Das coisas pequenas é bem mais fácil falar. Elas são capilares (em vários sentidos) e soam familiares para a maioria de nós. Aqueles fios de cabelo enrolados no ralinho da pia; aquela baba misturada com pasta de dente endurecida na louça; aqueles pelos enroscadinhos no sabonete novo (fios de outrem, claro); aquele cheiro de cigarro que fica no cabelo da gente ou nas roupas recém-tiradas do armário; aquele barulhinho irritante de suco caindo no copo; ou aquele glunt-glunt da bebida descendo na garganta de alguém; aquela galera falando língua estrangeira ou algum jargão numa festa que era pra ser amigável e divertida; aquela aluna que se penteia e maquia durante a aula; aquela outra que joga fios de cabelo pelo ar; e ainda outra que mexe nas madeixas o tempo todo; aquele aluno que coça o saco o tempo todo, sem se importar com nada, muito embora isso se pareça muito mais um reflexo meio canino para alguns machos; ou aquele que entra na sala atrasadíssimo e faz questão de cumprimentar todos os colegas com efusivos toques de mão; ou ainda aquele aluno que tem notas péssimas e vem sempre com uma história trágica para contar, na tentativa de se safar da aferição de sua incompetência; aquela pessoa para quem tudo o que ela faz, é, sente ou de que gosta é melhor do que o dos outros; ou aquela que vive se fazendo de vítima.

Das miudezas, impressionante como, quando a gente está tenso, uma esbarradinha qualquer pode se transformar num grave acidente. Como a palavra errada, na hora errada, parece o tônico da desavença. Falta de sensibilidade ou o quê? Ex-namorado que se deu bem dá uma raiva-monstro (isso vale para os vice-versas). Certa vez, ouvi de um jovem esclarecido que eu não arranjaria nada melhor do que ele. Fiquei com medo. Vai saber? E o medo de ebó? Não conta?

Aquele beijo estalado dentro do ouvido; aquela lambidinha babona na orelha; aquela cosquinha engraçadinha quando alguém chega por trás. Se você usa óculos ou lente de contato pode entender, perfeitamente, o que significa aquela tapadinha de olhos tipo "adivinha quem é?". Dá um trabalhão limpar a gordura dos dedos nas lentes dos óculos. Dá trabalho e dói devolver as lentes de contato (rígidas) para a frente dos olhos.

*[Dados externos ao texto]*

lemma null_weight_nonneg: "0 \<le> null_weight S1 S2 n H K p"
  unfolding null_weight_def by (intro add_nonneg_nonneg sum_nonneg normLL_nonneg normLT_nonneg tnorm_nonneg)

lemma null_weight_ge:
  assumes "J \<in> MI n"
  shows "length J + (length K - 1) \<le> n \<Longrightarrow> normLL (ZH J H) p \<le> null_weight S1 S2 n H K p"
    and "length J + (length K - 1) + 1 \<le> n \<Longrightarrow> normLT S1 S2 (ZH J H) p \<le> null_weight S1 S2 n H K p"
    and "length J + (length K - 1) + 2 \<le> n \<Longrightarrow> tnorm (ZH J H) p \<le> null_weight S1 S2 n H K p"
proof -
  let ?A = "\<lambda>k. {J\<in>MI n. length J + (length K - 1) + k \<le> n}"
  have sums: "0 \<le> (\<Sum>J\<in>?A 0. normLL (ZH J H) p)" "0 \<le> (\<Sum>J\<in>?A 1. normLT S1 S2 (ZH J H) p)"
    "0 \<le> (\<Sum>J\<in>?A 2. tnorm (ZH J H) p)"
    by (intro sum_nonneg normLL_nonneg normLT_nonneg tnorm_nonneg)+
  have member: "J \<in> ?A k" if "length J + (length K - 1) + k \<le> n" for k
    using assms that by simp
  show "length J + (length K - 1) \<le> n \<Longrightarrow> normLL (ZH J H) p \<le> null_weight S1 S2 n H K p"
    using member[of 0] sums member_le_sum[of J "?A 0" "\<lambda>J. normLL (ZH J H) p"]
    by (simp add: null_weight_def finite_MI normLL_nonneg)
  show "length J + (length K - 1) + 1 \<le> n \<Longrightarrow> normLT S1 S2 (ZH J H) p \<le> null_weight S1 S2 n H K p"
    using member[of 1] sums member_le_sum[of J "?A 1" "\<lambda>J. normLT S1 S2 (ZH J H) p"]
    by (simp add: null_weight_def finite_MI normLT_nonneg)
  show "length J + (length K - 1) + 2 \<le> n \<Longrightarrow> tnorm (ZH J H) p \<le> null_weight S1 S2 n H K p"
    using member[of 2] sums member_le_sum[of J "?A 2" "\<lambda>J. tnorm (ZH J H) p"]
    by (simp add: null_weight_def finite_MI tnorm_nonneg)
qed

lemma rhs_t_nonneg: "tcoord p \<ge> 0 \<Longrightarrow> 0 \<le> rhs_t n H \<phi> p"
  unfolding rhs_t_def by (intro mult_nonneg_nonneg sum_nonneg tnorm_nonneg gradnorm_nonneg) auto

lemma term_le_rhs_t:
  assumes t0: "tcoord p \<ge> 0" and J: "J \<in> MI n" and K: "K \<in> MI n" and len: "length J + (length K - 1) \<le> n"
    and x: "x \<le> c * tnorm (ZH J H) p" and c: "0 \<le> c"
  shows "x * gradnorm (ZI K \<phi>) p / (1 + tcoord p + \<bar>qcoord p\<bar>) \<le> c * rhs_t n H \<phi> p"
proof -
  let ?f = "\<lambda>K. \<Sum>J\<in>{J\<in>MI n. length J + (length K - 1) \<le> n}. tnorm (ZH J H) p * gradnorm (ZI K \<phi>) p"
  have "x * gradnorm (ZI K \<phi>) p \<le> c * (tnorm (ZH J H) p * gradnorm (ZI K \<phi>) p)"
    using mult_right_mono[OF x gradnorm_nonneg] by (simp add: mult.assoc)
  also have "tnorm (ZH J H) p * gradnorm (ZI K \<phi>) p \<le> ?f K"
    using J len finite_MI
    by (intro member_le_sum) (auto intro: mult_nonneg_nonneg tnorm_nonneg gradnorm_nonneg)
  also have "\<dots> \<le> (\<Sum>K\<in>MI n. ?f K)"
    using K finite_MI
    by (intro member_le_sum[where f = ?f]) (auto intro!: sum_nonneg mult_nonneg_nonneg tnorm_nonneg gradnorm_nonneg)
  finally show ?thesis unfolding rhs_t_def using t0 c by (simp add: divide_right_mono mult_left_mono)
qed

lemma term_le_rhs_q:
  assumes K: "K \<in> MI n" and x: "x \<le> c * null_weight S1 S2 n H K p" and c: "0 \<le> c"
  shows "x * gradnorm (ZI K \<phi>) p / (1 + \<bar>qcoord p\<bar>) \<le> c * rhs_q S1 S2 n H \<phi> p"
proof -
  have "x * gradnorm (ZI K \<phi>) p \<le> c * (null_weight S1 S2 n H K p * gradnorm (ZI K \<phi>) p)"
    using mult_right_mono[OF x gradnorm_nonneg] by (simp add: mult.assoc)
  also have "null_weight S1 S2 n H K p * gradnorm (ZI K \<phi>) p
      \<le> (\<Sum>K\<in>MI n. null_weight S1 S2 n H K p * gradnorm (ZI K \<phi>) p)"
    using K finite_MI
    by (intro member_le_sum[where f = "\<lambda>K. null_weight S1 S2 n H K p * gradnorm (ZI K \<phi>) p"])
      (auto intro!: mult_nonneg_nonneg null_weight_nonneg gradnorm_nonneg)
  finally show ?thesis unfolding rhs_q_def using c by (simp add: divide_right_mono mult_left_mono)
qed

lemma normLL_foldr_tensor_action_le:
  assumes fr: "sframe S1 S2" and symH: "\<And>a b. H a b = H b a" and J: "J \<in> MI n"
    and len: "length As + length J + (length K - 1) \<le> n"
  shows "normLL (foldr tensor_action As (ZH J H)) p \<le> 32 * 4 ^ n * null_weight S1 S2 n H K p"
proof -
  let ?w = "null_weight S1 S2 n H K p"
  have scale: "c * ?w \<le> 32 * 4 ^ n * ?w" if "c \<le> 32" for c
  proof (rule mult_right_mono[OF _ null_weight_nonneg])
    show "c \<le> 32 * 4 ^ n" using that one_le_power[of "4::real" n] by linarith
  qed
  show ?thesis
  proof (cases As rule: remdups_adj.cases)
    case 1
    have "normLL (ZH J H) p \<le> ?w" using 1 len by (intro null_weight_ge(1)[OF J]) simp
    then show ?thesis using 1 scale[of 1] by simp
  next
    case (2 Z)
    have "normLL (tensor_action Z (ZH J H)) p \<le> 32 * normLT S1 S2 (ZH J H) p"
      using symH by (intro normLL_tensor_action_le[OF fr]) (simp add: ZH_def)
    also have "\<dots> \<le> 32 * ?w" using 2 len by (simp add: null_weight_ge(2)[OF J])
    finally show ?thesis using 2 scale[of 32] by simp
  next
    case (3 Z Z' As')
    have "normLL (foldr tensor_action As (ZH J H)) p \<le> 4 ^ length As * tnorm (ZH J H) p"
      using normLL_le_tnorm tnorm_foldr_tensor_action_le order_trans by blast
    also have "\<dots> \<le> 4 ^ n * ?w"
      using 3 len by (intro mult_mono power_increasing tnorm_nonneg null_weight_nonneg null_weight_ge(3)[OF J]) auto
    also have "\<dots> \<le> 32 * 4 ^ n * ?w"
      using null_weight_nonneg[of S1 S2 n H K p] by (simp add: mult_right_mono)
    finally show ?thesis .
  qed
qed

lemma tnorm_foldr_tensor_action_le_pow:
  "length As \<le> n \<Longrightarrow> tnorm (foldr tensor_action As P) p \<le> 4 ^ n * tnorm P p"
  using tnorm_foldr_tensor_action_le[of As P p]
  by (smt (verit) mult_right_mono one_le_numeral power_increasing tnorm_nonneg)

Livro rasgado, amassado e cheio de orelhas? Já emprestou algum que voltou assim? Se não sabe o que é isso é porque lhe faltam livros, hein. Emprestar livros é um risco enorme. Ao menos para quem se importa com eles.

Lidar com a bagunça dos filhos dos outros é sempre insuportável. Quando os pais são conhecidos ou estão por perto, fica sem graça a gente xingar. Os nossos filhos são sempre umas graças, a bagunça deles é sinal de inteligência. Que coisa. Na Física, já diziam: tudo depende do referencial.

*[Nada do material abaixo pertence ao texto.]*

lemma strong_tournament_arc_dominated_to_dominating:
  assumes T: "tournament V A" and S: "strongly_connected V A"
    and C: "C \<subseteq> V" "C \<noteq> {}" "C \<noteq> V"
    and uniform: "\<forall>x\<in>V - C. (\<forall>c\<in>C. A x c) \<or> (\<forall>c\<in>C. A c x)"
  shows "\<exists>e d. e \<in> V - C \<and> d \<in> V - C \<and> (\<forall>c\<in>C. A c e \<and> A d c) \<and> A e d"
proof (rule ccontr)
  assume no_arc: "\<not> ?thesis"
  define E where "E = {x \<in> V - C. \<forall>c\<in>C. A c x}"
  have "w \<in> E" if s: "s \<in> E" and sw: "A s w" for s w
  proof -
    from T sw have "w \<in> V" by (rule tournamentD(3))
    moreover from T s sw have "w \<notin> C" unfolding E_def by (blast dest: tournamentD(6))
    moreover from no_arc s sw \<open>w \<in> V\<close> \<open>w \<notin> C\<close> have "\<not> (\<forall>c\<in>C. A w c)"
      unfolding E_def by blast
    ultimately show "w \<in> E" using uniform unfolding E_def by blast
  qed
  then have "E = {}"
    using strongly_connected_successor_closed[OF S, of _ E] C unfolding E_def by blast
  then have "w \<in> C" if "s \<in> C" "A s w" for s w
    using that uniform tournamentD(3,6)[OF T] unfolding E_def by blast
  then show False
    using strongly_connected_successor_closed[OF S, of _ C] C by blast
qed

lemma strong_tournament_cycle_extend:
  assumes T: "tournament V A" and S: "strongly_connected V A"
    and c: "is_cycle V A c" and non_ham: "set c \<noteq> V"
  shows "\<exists>c'. is_cycle V A c' \<and> length c < length c'"
proof (cases "\<exists>x\<in>V - set c. (\<exists>y\<in>set c. A y x) \<and> (\<exists>z\<in>set c. A x z)")
  case True
  then show ?thesis using tournament_cycle_insert_vertex[OF T c] by fastforce
next
  case False
  have c_in_V: "set c \<subseteq> V" and "set c \<noteq> {}" using c unfolding is_cycle_def by auto
  have "\<forall>x\<in>V - set c. (\<forall>y\<in>set c. A x y) \<or> (\<forall>y\<in>set c. A y x)"
  proof
    fix x assume x: "x \<in> V - set c"
    have "A x y \<or> A y x" if "y \<in> set c" for y
    proof -
      from c_in_V x that have "y \<in> V" "x \<noteq> y" by auto
      with T x show ?thesis by (blast dest: tournamentD(5))
    qed
    with False x show "(\<forall>y\<in>set c. A x y) \<or> (\<forall>y\<in>set c. A y x)" by blast
  qed
  then obtain e d where ed: "e \<notin> set c" "d \<notin> set c" "\<forall>y\<in>set c. A y e \<and> A d y" "A e d"
    using strong_tournament_arc_dominated_to_dominating[OF T S c_in_V \<open>set c \<noteq> {}\<close> non_ham] by blast
  obtain c\<^sub>1 c\<^sub>2 c\<^sub>3 rest where c_split: "c = c\<^sub>1 # c\<^sub>2 # c\<^sub>3 # rest"
    using tournament_cycle_length_ge_3[OF T c] by (auto simp: numeral_3_eq_3 Suc_le_length_iff)
  define c' where "c' = c\<^sub>1 # e # d # c\<^sub>3 # rest"
  from c c_split ed have "successively A c'"
    unfolding is_cycle_def c'_def by simp
  moreover have "distinct c'" "set c' \<subseteq> V" "A (last c') (hd c')"
    using c ed c_split tournamentD(2,3)[OF T] tournamentD(4)[OF T, of e]
    unfolding is_cycle_def c'_def by auto
  ultimately have "is_cycle V A c'" unfolding is_cycle_def c'_def by simp
  with c_split show ?thesis unfolding c'_def by auto
qed

lemma strong_tournament_hamiltonian_cycle:
  assumes T: "tournament V A" and S: "strongly_connected V A"
    and "a \<in> V" "b \<in> V" "a \<noteq> b"
  shows "\<exists>h. is_cycle V A h \<and> set h = V"
proof -
  obtain x y where xy: "A x y"
    using tournamentD(5)[OF T] assms(3-5) by blast
  with T have "x \<noteq> y" "x \<in> V" "y \<in> V" using tournamentD(2-4) by metis+
  with S have "A\<^sup>*\<^sup>* y x" unfolding strongly_connected_def by blast
  then obtain p where p: "p \<noteq> []" "distinct p" "successively A p" "hd p = y" "last p = x"
    "set p \<subseteq> insert y {w. \<exists>s. A s w}" using rtranclp_imp_distinct_path by metis
  with \<open>x \<noteq> y\<close> have "2 \<le> length p"
    by (cases p rule: remdups_adj.cases) auto
  moreover from p \<open>y \<in> V\<close> have "set p \<subseteq> V" using tournamentD(3)[OF T] by blast
  ultimately have "is_cycle V A p" using p xy unfolding is_cycle_def by simp
  then show ?thesis
  proof (induction "card V - length p" arbitrary: p rule: less_induct)
    case less
    show ?case
    proof (cases "set p = V")
      case False
      then obtain p' where p': "is_cycle V A p'" "length p < length p'"
        using strong_tournament_cycle_extend[OF T S less.prems] by blast
      have "length p' = card (set p')" using p' unfolding is_cycle_def by (simp add: distinct_card)
      also have "\<dots> \<le> card V"
        using p' tournamentD(1)[OF T] unfolding is_cycle_def by (simp add: card_mono)
      finally have "card V - length p' < card V - length p" using p'(2) by linarith
      with less.hyps p'(1) show ?thesis by blast
    qed (use less.prems in blast)
  qed
qed

lemma hamiltonian_cycle_weak_container:
  assumes h: "is_cycle V A h" "set h = V" and uv: "u \<in> V" "v \<in> V" "u \<noteq> v"
  shows "\<exists>Ps. weak_container V A 2 u v Ps"
proof -
  obtain xs ys where "h = xs @ u # ys" using h(2) uv(1) by (metis split_list)
  with h have "is_cycle V A (u # ys @ xs)" "set (u # ys @ xs) = V"
    using is_cycle_append_swap[of V A xs "u # ys"] by auto
  moreover from this uv obtain p q where "ys @ xs = p @ v # q" by (metis split_list set_ConsD)
  ultimately have c: "is_cycle V A (u # p @ v # q)" and c_set: "set (u # p @ v # q) = V"
    by simp_all
  define P\<^sub>1 where "P\<^sub>1 = u # p @ [v]"
  define P\<^sub>2 where "P\<^sub>2 = v # q @ [u]"
  have distinct: "distinct (u # p @ v # q)"
    and "successively A (u # p @ v # q)" "A (last (v # q)) u"
    using c unfolding is_cycle_def by auto
  then have "successively A P\<^sub>1" "successively A P\<^sub>2"
    unfolding P\<^sub>1_def P\<^sub>2_def
    using successively_append_iff[of A "u # p @ [v]" q] successively_append_iff[of A "u # p" "v # q"]
      successively_append_iff[of A "v # q" "[u]"] by auto
  with distinct c_set have paths: "is_uv_path V A u v P\<^sub>1" "is_uv_path V A v u P\<^sub>2"
    unfolding is_uv_path_def is_path_iff_successively P\<^sub>1_def P\<^sub>2_def by auto
  have interiors: "interior P\<^sub>1 = set p" "interior P\<^sub>2 = set q"
    unfolding interior_def P\<^sub>1_def P\<^sub>2_def by (simp_all add: butlast_append)
  have "weak_container V A 2 u v [P\<^sub>1, P\<^sub>2]"
    unfolding weak_container_def
  proof (intro conjI)
    show "distinct [P\<^sub>1, P\<^sub>2]" using uv(3) unfolding P\<^sub>1_def P\<^sub>2_def by simp
    show "\<forall>P\<in>set [P\<^sub>1, P\<^sub>2]. is_uv_path V A u v P \<or> is_uv_path V A v u P"
      using paths by simp
    show "\<forall>i<2. \<forall>j<2. i \<noteq> j \<longrightarrow> interior ([P\<^sub>1, P\<^sub>2] ! i) \<inter> interior ([P\<^sub>1, P\<^sub>2] ! j) = {}"
      using interiors distinct by (auto simp: less_2_cases_iff)
    show "(\<Union>P\<in>set [P\<^sub>1, P\<^sub>2]. set P) = V" using c_set unfolding P\<^sub>1_def P\<^sub>2_def by auto
  qed simp
  then show ?thesis by blast
qed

Coisas detestáveis existem aos montes, inclusive das que a gente experimenta com as pessoas de que gostamos. Aquela beliscadinha na bochecha, depois que a gente está mais velho, fica tão ridícula, não é? Aquela história que alguém conta pela milésima vez, e que não tem mais a menor graça. Ou aquela pessoa querida que come com a boca aberta. Minha irmã detesta ficar perto de quem masca chiclé. Jeito lhama? Não interessa. Detesto cheiro de cerveja. Não raro alguém derrama ou pinga cerveja em mim, justo em mim. Será que a gente atrai? Alguma mulher aí acha bonito sentar no xixi de macho que não levanta a tampa do vaso sanitário? Mulheres míopes sabem bem do que estou falando. E os homens? Algum relato interessante sobre as práticas femininas mais detestáveis?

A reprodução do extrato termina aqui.